Random Family
- Paperback edition
- Author: Adrian Nicole LeBlanc
- Language: English
- Genre: Non-fiction
- Publication date: 2003
- Publication place: United States

= Random Family =

2003 Non-fiction Book by Adrian Nicole LeBlanc

Random Family: Love, Drugs, Trouble, and Coming of Age in the Bronx is a 2003 narrative non-fiction study of urban life by American writer Adrian Nicole LeBlanc.

==Summary==
The book, LeBlanc's first, took more than 10 years to research and write.
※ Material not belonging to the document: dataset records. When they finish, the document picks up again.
(* Let $G\in\mathcal{C}$, let $H$ be a hole of $G$, let $v$ be a major vertex for $H$, let $u$ be a clone of $y$ in $H$, and suppose $uv\in E(G)$. If $yv\notin E(G)$, then $u$ and $v$ have a common neighbor in $H$.
   Context: All graphs are finite and simple; paths are induced paths; a hole is an induced cycle of length at least four. $\mathcal{C}$ is the class of graphs containing no theta, pyramid, prism or turtle as an induced subgraph, where: a theta consists of two nonadjacent vertices $a,b$ and three paths from $a$ to $b$, otherwise vertex-disjoint, any two of which induce a hole; a pyramid consists of a vertex $a$, a triangle $\{b_1,b_2,b_3\}$ and paths $P_i$ from $a$ to $b_i$, pairwise disjoint except at $a$, any two of which induce a hole; a prism consists of two disjoint triangles $\{a_1,a_2,a_3\},\{b_1,b_2,b_3\}$ and pairwise disjoint paths $P_i$ from $a_i$ to $b_i$, any two of which induce a hole; a turtle consists of disjoint paths $P_1$ (from $a_1$ to $b_1$), $P_2$ (from $a_2$ to $b_2$) with $a_1a_2,b_1b_2$ edges and $V(P_1)\cup V(P_2)$ inducing a hole, plus adjacent vertices $x,y$ where $x$ has at least three neighbors in $P_1$ and none in $P_2$, and $y$ has at least three neighbors in $P_2$ and none in $P_1$. For a hole $H$ and $u\notin V(H)$, $N_H(u)$ is the set of neighbors of $u$ in $H$. A vertex $u\notin V(H)$ is minor for $H$ if $N_H(u)\neq\emptyset$ and $N_H(u)$ is contained in the vertex set of some three-vertex subpath of $H$; it is major for $H$ if $N_H(u)\ne\emptyset$ and $u$ is not minor. A vertex $u\notin V(H)$ is a clone of $y\in V(H)$ if $N_H(u)=\{x,y,z\}$ where $x\text{-}y\text{-}z$ is a subpath of $H$. *)

theory Defs
  imports Main
begin

definition graph :: "'a set \<Rightarrow> ('a \<Rightarrow> 'a \<Rightarrow> bool) \<Rightarrow> bool" where
  "graph V E \<longleftrightarrow> finite V \<and> (\<forall>x y. E x y \<longrightarrow> x \<in> V \<and> y \<in> V)
     \<and> (\<forall>x y. E x y \<longrightarrow> E y x) \<and> (\<forall>x. \<not> E x x)"

definition ipath :: "'a set \<Rightarrow> ('a \<Rightarrow> 'a \<Rightarrow> bool) \<Rightarrow> 'a list \<Rightarrow> bool" where
  "ipath V E ps \<longleftrightarrow> ps \<noteq> [] \<and> distinct ps \<and> set ps \<subseteq> V
     \<and> (\<forall>i. i + 1 < length ps \<longrightarrow> E (ps ! i) (ps ! (i + 1)))
     \<and> (\<forall>i j. i + 1 < j \<and> j < length ps \<longrightarrow> \<not> E (ps ! i) (ps ! j))"

definition path_from_to :: "'a set \<Rightarrow> ('a \<Rightarrow> 'a \<Rightarrow> bool) \<Rightarrow> 'a list \<Rightarrow> 'a \<Rightarrow> 'a \<Rightarrow> bool" where
  "path_from_to V E ps a b \<longleftrightarrow> ipath V E ps \<and> hd ps = a \<and> last ps = b"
Set in the Bronx's
Tremont neighborhood during the crack epidemic and the War on Drugs, the book follows the lives of a family — Jessica, her brother Cesar, their mother Lourdes, and Cesar’s girlfriend Coco — from the mid-1980s into the early 2000s, as its members contend with teenage pregnancy, poverty, crime and incarceration.
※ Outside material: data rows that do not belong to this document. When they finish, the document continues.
theorem mainTheorem8:
  fixes S :: "'s set" and C :: "'c set" and N M' :: "'s set"
    and q :: "'c \<Rightarrow> nat" and prio :: "'c \<Rightarrow> ('s \<times> 's) set"
    and pref :: "'s \<Rightarrow> ('c option \<times> 'c option) set"
    and P P' :: "'s \<Rightarrow> 'c list" and s :: 's
  assumes "finite S" and "finite C"
    and "S = N \<union> M'" and "N \<inter> M' = {}"
    and "\<And>st. st \<in> S \<Longrightarrow> strict_linear_order_on (insert None (Some ` C)) (pref st)"
    and "\<And>c. c \<in> C \<Longrightarrow> q c \<ge> 1"
    and "\<And>c. c \<in> C \<Longrightarrow> strict_linear_order_on S (prio c)"
    and "pure_nash S C q prio pref N P"
    and "pure_nash S C q prio pref N P'"
    and "s \<in> N"
  shows "boston S q prio P s = boston S q prio P' s"
proof -
  have "N \<subseteq> S"
    using assms(3) by blast
  then interpret P: boston_nash S C pref N q prio P
    using assms(1,5-8) by unfold_locales
  interpret P': boston_nash S C pref N q prio P'
    using \<open>N \<subseteq> S\<close> assms(1,5-7,9) by unfold_locales
  interpret two_stable_matchings S C pref N q prio "priority_class C pref N"
    "boston S q prio P" "boston S q prio P'"
  proof
    show "\<And>c x y. c \<in> C \<Longrightarrow> (x, y) \<in> prio c \<Longrightarrow> (y, x) \<notin> prio c"
      using assms(7) unfolding strict_linear_order_on_def trans_def irrefl_on_def by blast
    fix x d e assume "x \<in> S" "x \<in> N" "d \<in> C" "(Some d, Some e) \<in> pref x"
    then show "priority_class C pref N x d < priority_class C pref N x e"
      using pref_rank_less[OF assms(2), of "pref x" d e] assms(5)
      by (simp add: priority_class_def strict_linear_order_on_def)
  qed (use assms(1,5) P.outcome_stable P'.outcome_stable in \<open>auto simp: priority_class_def\<close>)
  show ?thesis
    using sincere_assignment_unique \<open>N \<subseteq> S\<close> assms(10) by blast
qed

end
LeBlanc began the long period of research after reporting in Newsday about the trial of "a hugely successful heroin dealer" named George 'Boy George' Rivera. Through the figure of his girlfriend, Jessica, LeBlanc excavated the lives of an extended, struggling Puerto Rican family in the South Bronx during a tumultuous period in New York's history.

==Reception==
In The New York Times, critic Janet Maslin described LeBlanc's work as "a book that exerts the fascination of a classic, unflinching documentary." Mark Kramer, director of the Nieman Foundation Program on Narrative Journalism at Harvard University, praised the book's "relentless neutrality." In The New York Times Book Review, Margaret Talbot wrote, "The conventional compliment to pay a work of narrative nonfiction is to say that it's 'novelistic' or that it 'reads like fiction.' You could certainly say that of 'Random Family,' and yet there are tasks a writer like LeBlanc must accomplish that are different, and in some ways more difficult, than a novelist's. For one thing, she must remain cleareyed about people to whom she owes a tremendous debt of gratitude for admitting her into the intimacies of their lives. And for another, she must hew to a plotline that is often stuttering and circular and decidedly lacking in resolution. None of the people she writes about veer definitively toward a newer or better life — they tend toward the same tired grooves — yet she makes their stories riveting"; Talbot called LeBlanc's work, "An extraordinary book." The novel is #25 on The New York Times 100 Best Books of the 21st Century list.

==Awards and honors==
LeBlanc and Random Family garnered several awards and nominations. Her research methods earned her a spot among several other journalists and nonfiction writers in Robert Boynton's book, The New New Journalism. In 2006, LeBlanc received a MacArthur Fellowship, more popularly known as a "Genius Grant".